▶ [WHAT THE TASK ASKS]: From the records below, extract only the lines running from the line with "by (rule ap_admissible_for_add_closed[OF" to the line with "a weighted sum", both lines included, reproducing them exactly.

□ □ □

theorem theorem2p50:
  fixes I :: "(real^'n) set"
    and BB :: "'y::banach set set"
    and F :: "real^'n \<Rightarrow> 'y"
    and G :: "(real^'n) \<times> 'y \<Rightarrow> 'z::banach"
    and B :: "'y set"
  assumes BB_ne: "\<forall>B'\<in>BB. B' \<noteq> {}"
    and adm_Y: "ap_admissible_for TYPE('y) I"
    and adm_Z: "ap_admissible_for TYPE('z) I"
    and adm_YZ: "ap_admissible_for TYPE('y \<times> 'z) I"
    and adm_YC: "ap_admissible_for TYPE('y \<times> ('y \<Rightarrow>\<^sub>C 'z)) I"
    and F_uc: "uniformly_continuous_on I F"
    and F_ap: "bohr_ap_on I F"
    and G_ap: "bohr_B_ap_on I BB G"
    and B_def: "closure (F ` I) = B"
    and B_in: "B \<in> BB"
    and G_uc: "uniformly_continuous_on (I \<times> B) G"
  shows "uniformly_continuous_on I (\<lambda>t. G (t, F t)) \<and> bohr_ap_on I (\<lambda>t. G (t, F t))"
proof -
  have add: "\<forall>x\<in>I. \<forall>y\<in>I. x + y \<in> I"
    by (rule ap_admissible_for_add_closed[OF adm_Y])
  have FB: "F ` I \<subseteq> B"
    using B_def closure_subset by blast
  have W_uc: "uniformly_continuous_on I (\<lambda>t. G (t, F t))"
    by (rule uniformly_continuous_on_compose_graph[OF F_uc G_uc FB])
  obtain Ft where Ft: "bohr_ap_on UNIV Ft" "\<And>t. t \<in> I \<Longrightarrow> Ft t = F t"
    by (rule ap_admissible_for_extension[OF adm_Y F_uc F_ap], rule that)
  have "compact B"
    using bohr_ap_on_UNIV_compact_closure_image[OF Ft(1), of I] B_def Ft(2) by (simp cong: image_cong)
  obtain Gt where Gt: "\<And>y. y \<in> B \<Longrightarrow> bohr_ap_on UNIV (Gt y)"
    "\<And>y t. y \<in> B \<Longrightarrow> t \<in> I \<Longrightarrow> Gt y t = G (t, y)"
    by (rule ap_admissible_for_section_extensions[OF adm_Z G_ap B_in G_uc], rule that)
  show ?thesis
    using bohr_ap_on_superposition[OF adm_Z add \<open>compact B\<close> FB Ft Gt G_uc W_uc] W_uc by blast
qed
text \<open>The trivial bound already suffices. By the triangle inequality each summand is at most
  a weighted sum of \<open>|f\<^sub>m(x + m t)|\<close> for any fixed \<open>m\<close>, since the other factors have modulus
  at most 1. The shifts of \<open>\<phi>\<close> overlap at most three times, the dilate \<open>\<psi>(\<cdot>/2\<^sup>n)\<close> has
  \<open>O(2\<^sup>n)\<close> nonzero integer values, and Cauchy--Schwarz bounds the \<open>\<ell>\<^sup>1\<close> norm of \<open>f\<^sub>m\<close> by
  \<open>N\<^sup>1\<^sup>/\<^sup>2 \<parallel>f\<^sub>m\<parallel>\<^sub>2\<close>. So every scale contributes \<open>O(N\<^sup>1\<^sup>/\<^sup>2 \<parallel>f\<^sub>m\<parallel>\<^sub>2)\<close>, and there are at most
  \<open>O(log A)\<close> dyadic scales between \<open>N/A\<close> and \<open>N\<close>.\<close>

lemma smooth_fun_bounded:
  assumes "smooth_fun g" and supp: "\<And>x. g x \<noteq> 0 \<Longrightarrow> \<bar>x\<bar> \<le> r"
  obtains M where "\<And>x. \<bar>g x\<bar> \<le> M"
proof -
  have "\<And>x. g differentiable (at x)"
    using assms(1) unfolding smooth_fun_def by (metis funpow_0)
  hence "continuous_on (cball 0 r) g"
    by (meson continuous_at_imp_continuous_on differentiable_imp_continuous_within)
  hence "bounded (g ` cball 0 r)"
    by (intro compact_imp_bounded compact_continuous_image) simp_all
  then obtain B where B: "\<forall>y\<in>g ` cball 0 r. norm y \<le> B"
    unfolding bounded_iff by blast
  have "\<bar>g x\<bar> \<le> max B 0" for x
    using B[rule_format, of "g x"] supp[of x] by (cases "g x = 0") (auto simp: dist_real_def)
  thus thesis by (rule that)
qed

lemma norm_prod_le_norm_factor:
  fixes a :: "'i \<Rightarrow> 'a::{real_normed_field}"
  assumes "finite I" and "m \<in> I" and le1: "\<And>i. i \<in> I \<Longrightarrow> norm (a i) \<le> 1"
  shows "norm (\<Prod>i\<in>I. a i) \<le> norm (a m)"
proof -
  have "norm (\<Prod>i\<in>I. a i) = norm (a m) * (\<Prod>i\<in>I - {m}. norm (a i))"
    using prod.remove[OF assms(1,2), of "\<lambda>i. norm (a i)"] by (simp add: prod_norm)
  also have "\<dots> \<le> norm (a m) * 1"
    by (intro mult_left_mono prod_le_1) (auto simp: le1)
  finally show ?thesis by simp
qed
(* Let $\tau$ be a veering triangulation of $M$ with $AB$-cycles $c_1,\dots,c_n$ of lengths $k_1,\dots,k_n$ and classes $g_i=[c_i]\in G$. Then $$\mathcal{AB}(\tilde\tau)\cong\bigoplus_{i=1}^n\frac{\mathbb{Z}[G]}{\left(1+(-1)^{k_i+1}g_i\right)},$$ where the $i$th summand's generator maps to a fixed (lifted) face of $c_i$, and consequently, up to a unit of $\mathbb{Z}[G]$, $$V^{\mathcal{AB}}_\tau=\prod_{i=1}^n\left(1+(-1)^{k_i+1}g_i\right).$$
   Context: $\tau$ is a veering triangulation of $M$ (taut ideal triangulation with cooriented faces, each tetrahedron having two bottom and two top faces, a bottom edge, a top edge and four side edges, angle sum $2\pi$ around edges, with a consistent right/left veer on edges modelled on a thickened rhombus whose side edges of positive slope are right-veering and of negative slope left-veering); $F$ its set of faces. $G=H_1(M;\mathbb{Z})/\mathrm{torsion}$ (multiplicative), $\hat M$ the cover with deck group $G$, $\tilde\tau$ the lift. For a face $f$, let $t$ be the tetrahedron having $f$ as a bottom face; $A(f)$ is the top face of $t$ meeting $f$ along the edge of $t$ having the same veer as the top edge of $t$. $A:F\to F$ is a permutation; its cycles are the $AB$-cycles; the length of a cycle is the number of faces in it; each $AB$-cycle determines a directed closed curve in $M$ (crossing its faces in order through the corresponding tetrahedra) and hence a class $[c]\in G$. Lifting to $\hat M$ and choosing lifts of faces, $A$ induces a $\mathbb{Z}[G]$-linear map $A:\mathbb{Z}[G]^F\to\mathbb{Z}[G]^F$ (a lifted face maps to the corresponding top face of the lifted tetrahedron above it). $L^{\mathcal{AB}}=I+A$, $\mathcal{AB}(\tilde\tau)=\mathrm{coker}(L^{\mathcal{AB}})$, and $V^{\mathcal{AB}}_\tau=\det L^{\mathcal{AB}}$. *)

theory Defs
  imports "HOL-Analysis.Analysis" "HOL-Library.Poly_Mapping"
begin

text \<open>Group ring Z[G] of an abelian group G (written additively here, so the
  group element g corresponds to the monomial Poly_Mapping.single g 1).\<close>

type_synonym 'g grpring = "'g \<Rightarrow>\<^sub>0 int"

definition grp_elt :: "'g::ab_group_add \<Rightarrow> 'g grpring" where
  "grp_elt g = Poly_Mapping.single g 1"

text \<open>Faces form the finite type 'f; A is the AB-permutation of faces.
  lft f is the deck transformation such that, for the chosen lifts of faces, the
  chosen lift of f is mapped by the lifted A to the translate (lft f) of the chosen lift
  of A f.  The matrix of the Z[G]-linear map A (acting on column vectors,
  column j = image of the basis vector of face j).\<close>

definition AB_matrix :: "('f::finite \<Rightarrow> 'f) \<Rightarrow> ('f \<Rightarrow> 'g::ab_group_add) \<Rightarrow> 'g grpring ^'f^'f" where
  "AB_matrix A lft = (\<chi> i j. if i = A j then grp_elt (lft j) else 0)"

definition L_AB :: "('f::finite \<Rightarrow> 'f) \<Rightarrow> ('f \<Rightarrow> 'g::ab_group_add) \<Rightarrow> 'g grpring ^'f^'f" where
  "L_AB A lft = mat 1 + AB_matrix A lft"

definition AB_cycle :: "('f \<Rightarrow> 'f) \<Rightarrow> 'f \<Rightarrow> 'f set" where
  "AB_cycle A f = {(A ^^ n) f | n. True}"

definition AB_cycles :: "('f \<Rightarrow> 'f) \<Rightarrow> 'f set set" where
  "AB_cycles A = range (AB_cycle A)"

text \<open>The class [c] in G of a cycle: the total deck translation accumulated going once
  around the cycle.\<close>

definition cycle_class :: "('f \<Rightarrow> 'g::ab_group_add) \<Rightarrow> 'f set \<Rightarrow> 'g" where
  "cycle_class lft c = (\<Sum>x\<in>c. lft x)"

definition cycle_relator :: "('f \<Rightarrow> 'g::ab_group_add) \<Rightarrow> 'f set \<Rightarrow> 'g grpring" where
  "cycle_relator lft c = 1 + (-1) ^ (card c + 1) * grp_elt (cycle_class lft c)"

definition basis_vec :: "'f::finite \<Rightarrow> 'a::zero \<Rightarrow> 'a ^'f" where
  "basis_vec f r = (\<chi> i. if i = f then r else 0)"

definition in_image :: "'a::comm_ring_1 ^'f::finite^'f \<Rightarrow> 'a ^'f \<Rightarrow> bool" where
  "in_image L v \<longleftrightarrow> (\<exists>w. L *v w = v)"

□ □ □

▶ [WRITTEN RESPONSE]:
    by (rule ap_admissible_for_add_closed[OF adm_Y])
  have FB: "F ` I \<subseteq> B"
    using B_def closure_subset by blast
  have W_uc: "uniformly_continuous_on I (\<lambda>t. G (t, F t))"
    by (rule uniformly_continuous_on_compose_graph[OF F_uc G_uc FB])
  obtain Ft where Ft: "bohr_ap_on UNIV Ft" "\<And>t. t \<in> I \<Longrightarrow> Ft t = F t"
    by (rule ap_admissible_for_extension[OF adm_Y F_uc F_ap], rule that)
  have "compact B"
    using bohr_ap_on_UNIV_compact_closure_image[OF Ft(1), of I] B_def Ft(2) by (simp cong: image_cong)
  obtain Gt where Gt: "\<And>y. y \<in> B \<Longrightarrow> bohr_ap_on UNIV (Gt y)"
    "\<And>y t. y \<in> B \<Longrightarrow> t \<in> I \<Longrightarrow> Gt y t = G (t, y)"
    by (rule ap_admissible_for_section_extensions[OF adm_Z G_ap B_in G_uc], rule that)
  show ?thesis
    using bohr_ap_on_superposition[OF adm_Z add \<open>compact B\<close> FB Ft Gt G_uc W_uc] W_uc by blast
qed
text \<open>The trivial bound already suffices. By the triangle inequality each summand is at most
  a weighted sum of \<open>|f\<^sub>m(x + m t)|\<close> for any fixed \<open>m\<close>, since the other factors have modulus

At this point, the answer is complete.